Q&A: Deloitte’s deputy CEO and managing partner audit & assurance

Q&A: Deloitte’s deputy CEO and managing partner audit & assurance

The perception of audit has changed – and with it the market

Q&A: Deloitte’s deputy CEO and managing partner audit & assurance

It’s become easy to say that audit and assurance has changed a lot over the past few months, but considering how the functions have altered over recent decades casts a unique light on where the industry is today. To bring some context, we caught up with Stephen Griggs, Deloitte’s deputy CEO and managing partner audit & assurance.
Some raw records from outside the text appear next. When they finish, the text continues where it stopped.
lemma monomial_convex_combination:
  assumes "sum u A = 1"
  shows "monomial (\<Sum>x\<in>A. u x *\<^sub>R x) U = (\<Sum>x\<in>A. u x * monomial x U)"
  using assms by (simp add: monomial_def sum_fun_apply)

lemma monomial_restr:
  assumes "finite U" "U \<subseteq> nodes H" "2 \<le> card U \<Longrightarrow> U \<in> edges H"
  shows "monomial (restr H z) U = monomial z U"
  using finite_card_cases[OF assms(1)]
  by cases (use assms in \<open>auto simp: monomial_def restr_def coords_def\<close>)

lemma moment_eq_monomial:
  assumes "A \<subseteq> PP_points H" "sum u A = 1" "(\<Sum>x\<in>A. u x *\<^sub>R x) = restr H z"
    and "finite U" "U \<subseteq> nodes H" "2 \<le> card U \<Longrightarrow> U \<in> edges H"
  shows "(\<Sum>x\<in>A. u x * (\<Prod>i\<in>U. x (Nd i))) = monomial z U"
proof -
  have "(\<Sum>x\<in>A. u x * (\<Prod>i\<in>U. x (Nd i))) = monomial (\<Sum>x\<in>A. u x *\<^sub>R x) U"
    using assms(1,2,4-6) monomial_PP_point[of _ H U]
    by (auto simp: monomial_convex_combination intro!: sum.cong)
  also have "\<dots> = monomial z U"
    using assms(3-6) by (simp add: monomial_restr)
  finally show ?thesis .
qed

subsection \<open>Section hypergraphs and gluing\<close>

lemma section_hg_simps [simp]:
  "nodes (section_hg G V) = V"
  "edges (section_hg G V) = {e\<in>edges G. e \<subseteq> V}"
  "lminus (section_hg G V) = lminus G \<inter> V"
  "lplus (section_hg G V) = lplus G \<inter> V"
  by (simp_all add: section_hg_def)

lemma coords_section_hg [simp]:
  "Nd i \<in> coords (section_hg G V) \<longleftrightarrow> i \<in> V"
  "Ed e \<in> coords (section_hg G V) \<longleftrightarrow> e \<in> edges G \<and> e \<subseteq> V"
  "Lp i \<in> coords (section_hg G V) \<longleftrightarrow> i \<in> (lminus G \<union> lplus G) \<inter> V"
  by (auto simp: coords_def)

lemma hypergraph_with_loops_finite_edges:
  "hypergraph_with_loops G \<Longrightarrow> e \<in> edges G \<Longrightarrow> finite e"
  unfolding hypergraph_with_loops_def by (metis card.infinite not_numeral_le_zero)

lemma coords_eq_Un_sections:
  assumes "hypergraph_with_loops G" "nodes G = V1 \<union> V2" "\<forall>e\<in>edges G. e \<subseteq> V1 \<or> e \<subseteq> V2"
  shows "coords G = coords (section_hg G V1) \<union> coords (section_hg G V2)"
  using assms by (auto simp: coords_def hypergraph_with_loops_def)

lemma PP_subset_space: "PP G \<subseteq> space G"
proof -
  have "convex (space G)" by (auto simp: convex_def space_def)
  moreover have "PP_points G \<subseteq> space G" by (auto simp: PP_points_def)
  ultimately show ?thesis unfolding PP_def conv_eq_convex_hull by (rule hull_minimal[rotated])
qed

lemma linear_restr: "linear (restr H)"
  by (rule linearI) (auto simp: restr_def fun_eq_iff)

lemma restr_section_in_PP_points:
  assumes "x \<in> PP_points G" "V \<subseteq> nodes G"
  shows "restr (section_hg G V) x \<in> PP_points (section_hg G V)"
proof -
  have "(\<Prod>i\<in>e. restr (section_hg G V) x (Nd i)) = (\<Prod>i\<in>e. x (Nd i))" if "e \<subseteq> V" for e
    using that by (intro prod.cong) (auto simp: restr_def)
  then show ?thesis using assms by (auto simp: PP_points_def restr_def space_def)
qed

lemma restr_section_in_PP:
  assumes "z \<in> PP G" "V \<subseteq> nodes G"
  shows "restr (section_hg G V) z \<in> PP (section_hg G V)"
proof -
  have "restr (section_hg G V) z \<in> convex hull (restr (section_hg G V) ` PP_points G)"
    using assms(1) by (intro in_convex_hull_linear_image linear_restr) (simp add: PP_def conv_eq_convex_hull)
  also have "\<dots> \<subseteq> convex hull PP_points (section_hg G V)"
    using restr_section_in_PP_points assms(2) by (intro hull_mono) blast
  finally show ?thesis by (simp add: PP_def conv_eq_convex_hull)
qed

definition glue :: "'a hgraph \<Rightarrow> ('a coord \<Rightarrow> real) \<Rightarrow> ('a coord \<Rightarrow> real) \<Rightarrow> 'a coord \<Rightarrow> real" where
  "glue H x y = (\<lambda>c. if c \<in> coords H then x c else y c)"

lemma linear_glue: "linear (\<lambda>p. glue H (fst p) (snd p))"
  by (rule linearI) (auto simp: glue_def fun_eq_iff)

lemma glue_restr:
  assumes "coords G = coords H1 \<union> coords H2" "z \<in> space G"
  shows "glue H1 (restr H1 z) (restr H2 z) = z"
  using assms by (auto simp: glue_def restr_def space_def fun_eq_iff)

lemma glue_in_PP_points:
  assumes hg: "hypergraph_with_loops G" and nV: "nodes G = V1 \<union> V2"
    and eV: "\<forall>e\<in>edges G. e \<subseteq> V1 \<or> e \<subseteq> V2"
    and x: "x \<in> PP_points (section_hg G V1)" and y: "y \<in> PP_points (section_hg G V2)"
    and agree: "\<And>i. i \<in> V1 \<inter> V2 \<Longrightarrow> x (Nd i) = y (Nd i)"
  shows "glue (section_hg G V1) x y \<in> PP_points G"
proof -
  let ?g = "glue (section_hg G V1) x y"
  have loops: "lminus G \<union> lplus G \<subseteq> V1 \<union> V2"
    using hg nV by (auto simp: hypergraph_with_loops_def)
  have node1: "?g (Nd i) = x (Nd i)" if "i \<in> V1" for i
    using that by (simp add: glue_def)
  have node2: "?g (Nd i) = y (Nd i)" if "i \<in> V2" for i
    using that agree by (auto simp: glue_def)
  have "?g \<in> space G"
    using y coords_eq_Un_sections[OF hg nV eV] by (auto simp: space_def PP_points_def glue_def)
  moreover have "\<forall>i\<in>lplus G. ?g (Lp i) \<ge> (?g (Nd i))\<^sup>2"
    and "\<forall>i\<in>lminus G. ?g (Lp i) \<le> (?g (Nd i))\<^sup>2"
    and "\<forall>i\<in>nodes G. 0 \<le> ?g (Nd i) \<and> ?g (Nd i) \<le> 1"
    using x y loops nV node2 by (auto simp: PP_points_def glue_def)
  moreover have "?g (Ed e) = (\<Prod>i\<in>e. ?g (Nd i))" if e: "e \<in> edges G" for e
  proof (cases "e \<subseteq> V1")
    case True
    then have "(\<Prod>i\<in>e. ?g (Nd i)) = (\<Prod>i\<in>e. x (Nd i))"
      using node1 by (intro prod.cong) auto
    then show ?thesis using True e x by (auto simp: PP_points_def glue_def)
  next
    case False
    then have "e \<subseteq> V2" using eV e by auto
    then have "(\<Prod>i\<in>e. ?g (Nd i)) = (\<Prod>i\<in>e. y (Nd i))"
      using node2 by (intro prod.cong) auto
    then show ?thesis using False \<open>e \<subseteq> V2\<close> e y by (auto simp: PP_points_def glue_def)
  qed
  ultimately show ?thesis unfolding PP_points_def by blast
qed

lemma in_PP_if_sections_in_PP:
  assumes hg: "hypergraph_with_loops G" and nV: "nodes G = V1 \<union> V2"
    and eV: "\<forall>e\<in>edges G. e \<subseteq> V1 \<or> e \<subseteq> V2"
    and no_plus: "lplus G \<inter> (V1 \<inter> V2) = {}"
    and complete: "\<And>U. U \<subseteq> V1 \<inter> V2 \<Longrightarrow> 2 \<le> card U \<Longrightarrow> U \<in> edges G"
    and z: "z \<in> space G"
    and z1: "restr (section_hg G V1) z \<in> PP (section_hg G V1)"
    and z2: "restr (section_hg G V2) z \<in> PP (section_hg G V2)"
  shows "z \<in> PP G"
proof -
  define W where "W = V1 \<inter> V2"
  let ?G1 = "section_hg G V1" and ?G2 = "section_hg G V2"
  have finW: "finite W"
    using hg nV by (auto simp: W_def hypergraph_with_loops_def intro: finite_subset)
  note fin = hypergraph_with_loops_finite_edges[OF hg]
  obtain A u where A: "finite A" "A \<subseteq> binary_points ?G1 W" "\<forall>x\<in>A. 0 \<le> u x" "sum u A = 1"
    and zA: "(\<Sum>x\<in>A. u x *\<^sub>R x) = restr ?G1 z"
    using convex_hull_PP_points_binary_combination[of W ?G1 "restr ?G1 z"] finW no_plus fin z1
    by (auto simp: W_def PP_def conv_eq_convex_hull)
  obtain B v where B: "finite B" "B \<subseteq> binary_points ?G2 W" "\<forall>y\<in>B. 0 \<le> v y" "sum v B = 1"
    and zB: "(\<Sum>y\<in>B. v y *\<^sub>R y) = restr ?G2 z"
    using convex_hull_PP_points_binary_combination[of W ?G2 "restr ?G2 z"] finW no_plus fin z2
    by (auto simp: W_def PP_def conv_eq_convex_hull)
  have points: "A \<subseteq> PP_points ?G1" "B \<subseteq> PP_points ?G2"
    and binary: "\<forall>x\<in>A. binary_on W x" "\<forall>y\<in>B. binary_on W y"
    using A(2) B(2) by (auto simp: binary_points_def)
  have moments: "(\<Sum>x\<in>A. u x * (\<Prod>i\<in>U. x (Nd i))) = (\<Sum>y\<in>B. v y * (\<Prod>i\<in>U. y (Nd i)))"
    if U: "U \<subseteq> W" for U
  proof -
    have "finite U" using U finW by (rule finite_subset)
    moreover have "2 \<le> card U \<Longrightarrow> U \<in> edges G" using U complete by (simp add: W_def)
    ultimately show ?thesis
      using U moment_eq_monomial[OF points(1) A(4) zA] moment_eq_monomial[OF points(2) B(4) zB]
      by (simp add: W_def)
  qed
  have "(\<lambda>p. glue ?G1 (fst p) (snd p)) (\<Sum>x\<in>A. u x *\<^sub>R x, \<Sum>y\<in>B. v y *\<^sub>R y)
      \<in> convex hull PP_points G"
  proof (rule coupled_convex_combination_in_convex_hull[OF linear_glue A(1) B(1) A(3,4) B(3)])
    show "sum u {x\<in>A. pattern W x = T} = sum v {y\<in>B. pattern W y = T}" for T
      using pattern_weights_eq_if_moments_eq[OF finW A(1) binary(1) B(1) binary(2) moments] .
    show "glue ?G1 (fst (x, y)) (snd (x, y)) \<in> PP_points G"
      if "x \<in> A" "y \<in> B" "pattern W x = pattern W y" for x y
      using that A(2) B(2) binary eq_on_nodes_if_pattern_eq[of W x y]
      by (auto simp: W_def binary_points_def intro!: glue_in_PP_points[OF hg nV eV])
  qed
  then show ?thesis
    using glue_restr[OF coords_eq_Un_sections[OF hg nV eV] z]
    by (simp add: zA zB PP_def conv_eq_convex_hull)
qed

theorem corollary1:
  fixes G G1 G2 :: "'a hgraph"
  assumes "hypergraph_with_loops G"
    and "is_section_hg G1 G" and "is_section_hg G2 G"
    and "hg_union G1 G2 = G"
    and "complete_hg (hg_inter G1 G2)"
    and "lplus (hg_inter G1 G2) = {}"
  shows "PP G = {z \<in> space G. restr G1 z \<in> PP G1 \<and> restr G2 z \<in> PP G2}"
proof -
  obtain V1 V2 where V: "V1 \<subseteq> nodes G" "V2 \<subseteq> nodes G"
    and G1: "G1 = section_hg G V1" and G2: "G2 = section_hg G V2"
    using assms(2,3) unfolding is_section_hg_def by blast
  have union: "nodes G = V1 \<union> V2" "\<forall>e\<in>edges G. e \<subseteq> V1 \<or> e \<subseteq> V2"
    using arg_cong[OF assms(4), of nodes] arg_cong[OF assms(4), of edges]
    by (auto simp: hg_union_def G1 G2)
  have no_plus: "lplus G \<inter> (V1 \<inter> V2) = {}"
    using assms(6) by (auto simp: hg_inter_def G1 G2)
  have complete: "U \<in> edges G" if "U \<subseteq> V1 \<inter> V2" "2 \<le> card U" for U
    using assms(5) that by (auto simp: complete_hg_def hg_inter_def G1 G2)
  show ?thesis
  proof (intro set_eqI iffI)
    fix z assume "z \<in> PP G"
    then show "z \<in> {z \<in> space G. restr G1 z \<in> PP G1 \<and> restr G2 z \<in> PP G2}"
      using PP_subset_space restr_section_in_PP V unfolding G1 G2 by blast
  next
    fix z assume "z \<in> {z \<in> space G. restr G1 z \<in> PP G1 \<and> restr G2 z \<in> PP G2}"
    then show "z \<in> PP G"
      using in_PP_if_sections_in_PP[OF assms(1) union no_plus complete] unfolding G1 G2 by blast
  qed
qed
Beginning his career at Arthur Andersen in 1987, Griggs became partner eleven years later – before moving to Deloitte with the firm in 2002. In 2015 he became UK leader of audit and assurance and from 2017 oversaw the business area in North and South Europe. He is a member of the firm’s global audit and assurance executive and in 2019 was appointed UK deputy CEO.

At heart though, he’s an auditor.

How do you feel your role in the firm has changed?

There’s certainly been more attention on the UK audit industry during the past few years than at any time in my career. The debate around the purpose and role of auditors in association with business failures, fraud, alongside the ongoing perception that auditors’ independence is clouded by conflicts of interest, has been heated to say the least. The evolving regulatory environment and impact of technology has also kept things moving at pace.

Being the leader of our audit and assurance business through this period of upheaval has been quite the journey. But the opportunity to support and enact the change needed is hugely important, Deloitte is committed to reform.

And how has the firm changed?

Significantly. Deloitte has grown and evolved not only just in audit and assurance, but across all our other businesses too – consulting, financial advisory, risk advisory, tax & legal.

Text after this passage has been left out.